Stored records
text \<open>(1 - T3/kappa)^{-1}: T3 is the multiplication operator with symbol T3_symbol, so its
 inverse (functional calculus) is multiplication by the reciprocal symbol.\<close>
definition resolvent3 :: "real \<Rightarrow> real \<Rightarrow> (real \<Rightarrow> complex) \<Rightarrow> (real \<Rightarrow> complex)" where
  "resolvent3 \<kappa> \<epsilon> = mult_op (\<lambda>s. inverse (1 - T3_symbol \<epsilon> s / \<kappa>))"

definition op_A :: "real \<Rightarrow> real \<Rightarrow> real \<Rightarrow> (real \<Rightarrow> complex) \<Rightarrow> (real \<Rightarrow> complex)" where
  "op_A \<kappa>t \<kappa> \<epsilon> f = (\<lambda>s. complex_of_real (\<kappa> / \<kappa>t) * f s + T0 \<epsilon> f s
      + complex_of_real (1 / \<kappa>) * T2_adj \<epsilon> (resolvent3 \<kappa> \<epsilon> (T2 \<epsilon> f)) s)"

definition bounded_on_L2 :: "((real \<Rightarrow> complex) \<Rightarrow> (real \<Rightarrow> complex)) \<Rightarrow> bool" where
  "bounded_on_L2 A \<longleftrightarrow> (\<forall>f\<in>L2. A f \<in> L2) \<and> (\<exists>C. \<forall>f\<in>L2. L2norm (A f) \<le> C * L2norm f)"
(* Let $V$ be a finite-dimensional real vector space, regarded as an additive group, and let $S,T\subset V$. If the asymptotic cones satisfy $S\infty\cap T\infty=\{0\}$, then $S\pitchfork T$ in $V$.
   Context: The asymptotic cone $S\infty$ of a subset $S\subset V$ is the closed cone consisting of all limits $\lim_{n\to\infty}\varepsilon_n x_n$ with $x_n\in S$ and $\varepsilon_n>0$, $\varepsilon_n\to 0$. For subsets $S,T$ of the additive group $V$, $S\pitchfork T$ means that for every compact subset $C\subset V$ the set $S\cap (C+T+C)$ is relatively compact, where $C+T+C=\{a+x+b:a,b\in C,\ x\in T\}$. *)

theory Defs
  imports "HOL-Analysis.Analysis"
begin

definition asymptotic_cone :: "'a::real_normed_vector set \<Rightarrow> 'a set" where
  "asymptotic_cone S = {v. \<exists>x eps. (\<forall>n. x n \<in> S) \<and> (\<forall>n. eps n > (0::real)) \<and>
       eps \<longlonglongrightarrow> 0 \<and> (\<lambda>n. eps n *\<^sub>R x n) \<longlonglongrightarrow> v}"

definition pitchfork :: "'a::{ab_group_add,topological_space} set \<Rightarrow> 'a set \<Rightarrow> bool" where
  "pitchfork S T \<longleftrightarrow> (\<forall>C. compact C \<longrightarrow>
      compact (closure (S \<inter> {a + x + b | a x b. a \<in> C \<and> x \<in> T \<and> b \<in> C})))"

end

theory Submission
  imports Defs
begin

text \<open>If \<open>S \<inter> (C + T + C)\<close> were unbounded for some compact \<open>C\<close>, normalising an escaping
  sequence in it would, by compactness of the unit sphere, produce a unit vector in its
  asymptotic cone. That cone lies in \<open>S\<infinity>\<close>, and also in \<open>T\<infinity>\<close>, because translating \<open>T\<close> by the
  bounded set \<open>C + C\<close> does not change its asymptotic directions.\<close>

lemma asymptotic_coneI:
  assumes "\<And>n. x n \<in> S" and "\<And>n. eps n > 0" and "eps \<longlonglongrightarrow> 0"
    and "(\<lambda>n. eps n *\<^sub>R x n) \<longlonglongrightarrow> v"
  shows "v \<in> asymptotic_cone S"
  unfolding asymptotic_cone_def using assms by blast

lemma asymptotic_cone_mono: "S \<subseteq> T \<Longrightarrow> asymptotic_cone S \<subseteq> asymptotic_cone T"
  unfolding asymptotic_cone_def by blast

lemma asymptotic_cone_bounded_translates_subset:
  fixes T K :: "'a::real_normed_vector set"
  assumes "bounded K"
  shows "asymptotic_cone {x + k | x k. x \<in> T \<and> k \<in> K} \<subseteq> asymptotic_cone T"
proof
  fix v
  assume "v \<in> asymptotic_cone {x + k | x k. x \<in> T \<and> k \<in> K}"
  then obtain y eps where y: "\<And>n. y n \<in> {x + k | x k. x \<in> T \<and> k \<in> K}"
    and eps_pos: "\<And>n. eps n > 0" and eps_0: "eps \<longlonglongrightarrow> 0"
    and lim_y: "(\<lambda>n. eps n *\<^sub>R y n) \<longlonglongrightarrow> v"
    unfolding asymptotic_cone_def by blast
  have "\<forall>n. \<exists>x k. x \<in> T \<and> k \<in> K \<and> y n = x + k"
    using y by blast
  then obtain x k where x: "\<And>n. x n \<in> T" and k: "\<And>n. k n \<in> K" and y_eq: "\<And>n. y n = x n + k n"
    by metis
  obtain B where B: "\<And>u. u \<in> K \<Longrightarrow> norm u \<le> B"
    using \<open>bounded K\<close> bounded_iff by metis
  have "(\<lambda>n. eps n *\<^sub>R k n) \<longlonglongrightarrow> 0"
  proof (rule Lim_null_comparison)
    show "\<forall>\<^sub>F n in sequentially. norm (eps n *\<^sub>R k n) \<le> eps n * B"
      using B[OF k] eps_pos by (simp add: less_imp_le mult_left_mono)
    show "(\<lambda>n. eps n * B) \<longlonglongrightarrow> 0"
      using tendsto_mult_left_zero[OF eps_0] by simp
  qed
  from tendsto_diff[OF lim_y this]
  have "(\<lambda>n. eps n *\<^sub>R x n) \<longlonglongrightarrow> v"
    by (simp add: y_eq scaleR_add_right)
  then show "v \<in> asymptotic_cone T"
    by (rule asymptotic_coneI[OF x eps_pos eps_0])
qed

lemma unbounded_imp_unit_vector_in_asymptotic_cone:
  fixes S :: "'a::{real_normed_vector,perfect_space,heine_borel} set"
  assumes "\<not> bounded S"
  obtains l where "l \<in> asymptotic_cone S" and "norm l = 1"
proof -
  have "\<forall>n. \<exists>x\<in>S. real (Suc n) < norm x"
    using assms unfolding bounded_iff by (meson not_le)
  then obtain x where x: "\<And>n. x n \<in> S" and x_large: "\<And>n. real (Suc n) < norm (x n)"
    by metis
  define eps where "eps n = inverse (norm (x n))" for n
  have x_nonzero: "x n \<noteq> 0" for n
    using x_large[of n] by auto
  have eps_pos: "eps n > 0" for n
    using x_nonzero by (simp add: eps_def)
  have "real n \<le> norm (x n)" for n
    using x_large[of n] by simp
  then have "filterlim (\<lambda>n. norm (x n)) at_top sequentially"
    by (intro filterlim_at_top_mono[OF filterlim_real_sequentially] always_eventually) blast
  then have eps_0: "eps \<longlonglongrightarrow> 0"
    unfolding eps_def by (rule tendsto_inverse_0_at_top)
  define u where "u n = eps n *\<^sub>R x n" for n
  have "u n \<in> sphere 0 1" for n
    using x_nonzero by (simp add: u_def eps_def)
  then obtain l r where l: "l \<in> sphere 0 1" and r: "strict_mono r" and lim: "(u \<circ> r) \<longlonglongrightarrow> l"
    using compact_sphere[of "0::'a" 1] unfolding compact_eq_seq_compact_metric seq_compact_def
    by metis
  have "l \<in> asymptotic_cone S"
  proof (rule asymptotic_coneI)
    show "(\<lambda>n. (eps \<circ> r) n *\<^sub>R (x \<circ> r) n) \<longlonglongrightarrow> l"
      using lim by (simp add: u_def comp_def)
  qed (use x eps_pos LIMSEQ_subseq_LIMSEQ[OF eps_0 r] in \<open>auto simp: comp_def\<close>)
  with l that show thesis by simp
qed

theorem lemma7p3:
  fixes S T :: "'a::euclidean_space set"
  assumes "asymptotic_cone S \<inter> asymptotic_cone T = {0}"
  shows "pitchfork S T"
  unfolding pitchfork_def
proof (intro allI impI)
  fix C :: "'a set"
  assume "compact C"
  define K where "K = {a + b | a b. a \<in> C \<and> b \<in> C}"
  have "bounded K"
    unfolding K_def using compact_sums[OF \<open>compact C\<close> \<open>compact C\<close>] by (rule compact_imp_bounded)
  define A where "A = S \<inter> {a + x + b | a x b. a \<in> C \<and> x \<in> T \<and> b \<in> C}"
  have A_translates: "A \<subseteq> {x + k | x k. x \<in> T \<and> k \<in> K}"
  proof
    fix z
    assume "z \<in> A"
    then obtain a x b where "z = a + x + b" "a \<in> C" "x \<in> T" "b \<in> C"
      unfolding A_def by blast
    moreover have "a + x + b = x + (a + b)"
      by (simp add: add_ac)
    ultimately show "z \<in> {x + k | x k. x \<in> T \<and> k \<in> K}"
      unfolding K_def by blast
  qed
  have "bounded A"
  proof (rule ccontr)
    assume "\<not> bounded A"
    then obtain l where l: "l \<in> asymptotic_cone A" "norm l = 1"
      by (rule unbounded_imp_unit_vector_in_asymptotic_cone)
    have "A \<subseteq> S"
      unfolding A_def by blast
    then have "l \<in> asymptotic_cone S"
      using l(1) asymptotic_cone_mono by blast
    moreover have "l \<in> asymptotic_cone T"
      using l(1) asymptotic_cone_mono[OF A_translates]
        asymptotic_cone_bounded_translates_subset[OF \<open>bounded K\<close>] by blast
    ultimately have "l = 0"
      using assms by blast
    with l(2) show False
      by simp
  qed
  then show "compact (closure A)"
    by simp
qed

end
lemma induced_cycle_nthD:
  assumes "induced_cycle V E xs" and "i < length xs" "j < length xs" "i \<noteq> j"
  shows "xs ! i \<in> V" "xs ! j \<in> V" "xs ! i \<noteq> xs ! j"
proof -
  have "distinct xs" "set xs \<subseteq> V" using assms(1) by (simp_all add: induced_cycle_def)
  then show "xs ! i \<in> V" "xs ! j \<in> V" "xs ! i \<noteq> xs ! j"
    using nth_mem[OF assms(2)] nth_mem[OF assms(3)] assms(2-4) nth_eq_iff_index_eq by blast+
qed

lemma induced_cycle_adjacent_iff:
  assumes "induced_cycle V E xs" and "i < length xs" "j < length xs" "i \<noteq> j"
  shows "{xs ! i, xs ! j} \<in> E \<longleftrightarrow> (j = Suc i mod length xs \<or> i = Suc j mod length xs)"
proof -
  have "\<forall>i<length xs. \<forall>j<length xs. i \<noteq> j \<longrightarrow>
      ({xs ! i, xs ! j} \<in> E \<longleftrightarrow> (j = Suc i mod length xs \<or> i = Suc j mod length xs))"
    using assms(1) by (simp add: induced_cycle_def)
  then show ?thesis using assms(2-4) by blast
qed

text \<open>Each inner vertex misses some y in K, but y, being adjacent to both ends of
  a shortest such walk, is adjacent to all of it.\<close>
lemma chordal_not_walk_through_non_neighbours:
  assumes "chordal V E" and "K \<subseteq> V" and "z \<in> V - K" and "x \<in> V - K" and "z \<noteq> x"
    and "{z, x} \<notin> E" and K_adj: "\<And>y. y \<in> K \<Longrightarrow> {y, z} \<in> E \<and> {y, x} \<in> E"
  shows "\<not> walk E p n z x {t \<in> V - K. \<exists>y\<in>K. {y, t} \<notin> E}"
proof
  define R where "R = {t \<in> V - K. \<exists>y\<in>K. {y, t} \<notin> E}"
  assume "walk E p n z x {t \<in> V - K. \<exists>y\<in>K. {y, t} \<notin> E}"
  then obtain q m where "walk E q m z x R" and "induced_path E q m"
    unfolding R_def by (rule walk_imp_induced_path)
  then have "q 0 = z" "q m = x" and q_inner: "\<And>i. 0 < i \<Longrightarrow> i < m \<Longrightarrow> q i \<in> R"
    and q_edge: "\<And>i. i < m \<Longrightarrow> {q i, q (Suc i)} \<in> E"
    unfolding walk_def by auto
  have "m \<noteq> 0"
  proof
    assume "m = 0"
    then show False using \<open>q 0 = z\<close> \<open>q m = x\<close> assms(5) by simp
  qed
  then have "m \<noteq> 1" using \<open>q 0 = z\<close> \<open>q m = x\<close> q_edge[of 0] assms(6) by auto
  then obtain y where "y \<in> K" "{y, q 1} \<notin> E"
    using q_inner[of 1] \<open>m \<noteq> 0\<close> unfolding R_def by auto
  have "q i \<in> V - K" if i: "i \<le> m" for i
  proof -
    consider "i = 0" | "i = m" | "0 < i" "i < m" using i by (metis gr0I le_neq_implies_less)
    then show ?thesis
      using q_inner \<open>q 0 = z\<close> \<open>q m = x\<close> assms(3,4) unfolding R_def by cases auto
  qed
  then have path_V: "q ` {..m} \<subseteq> V" and path_y: "y \<notin> q ` {..m}"
    using \<open>y \<in> K\<close> by auto
  have "{y, q 1} \<in> E"
  proof (rule chordal_apex_adjacent[OF assms(1) \<open>induced_path E q m\<close> path_V _ path_y])
    show "y \<in> V" using \<open>y \<in> K\<close> assms(2) by blast
    show "{y, q 0} \<in> E" "{y, q m} \<in> E" using K_adj \<open>y \<in> K\<close> \<open>q 0 = z\<close> \<open>q m = x\<close> by auto
    show "1 \<le> m" using \<open>m \<noteq> 0\<close> by simp
  qed
  then show False using \<open>{y, q 1} \<notin> E\<close> by contradiction
qed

→ Instructions to follow
Say how many lines in the records include the string "shows", giving the figure by itself.

→ Output for this task
6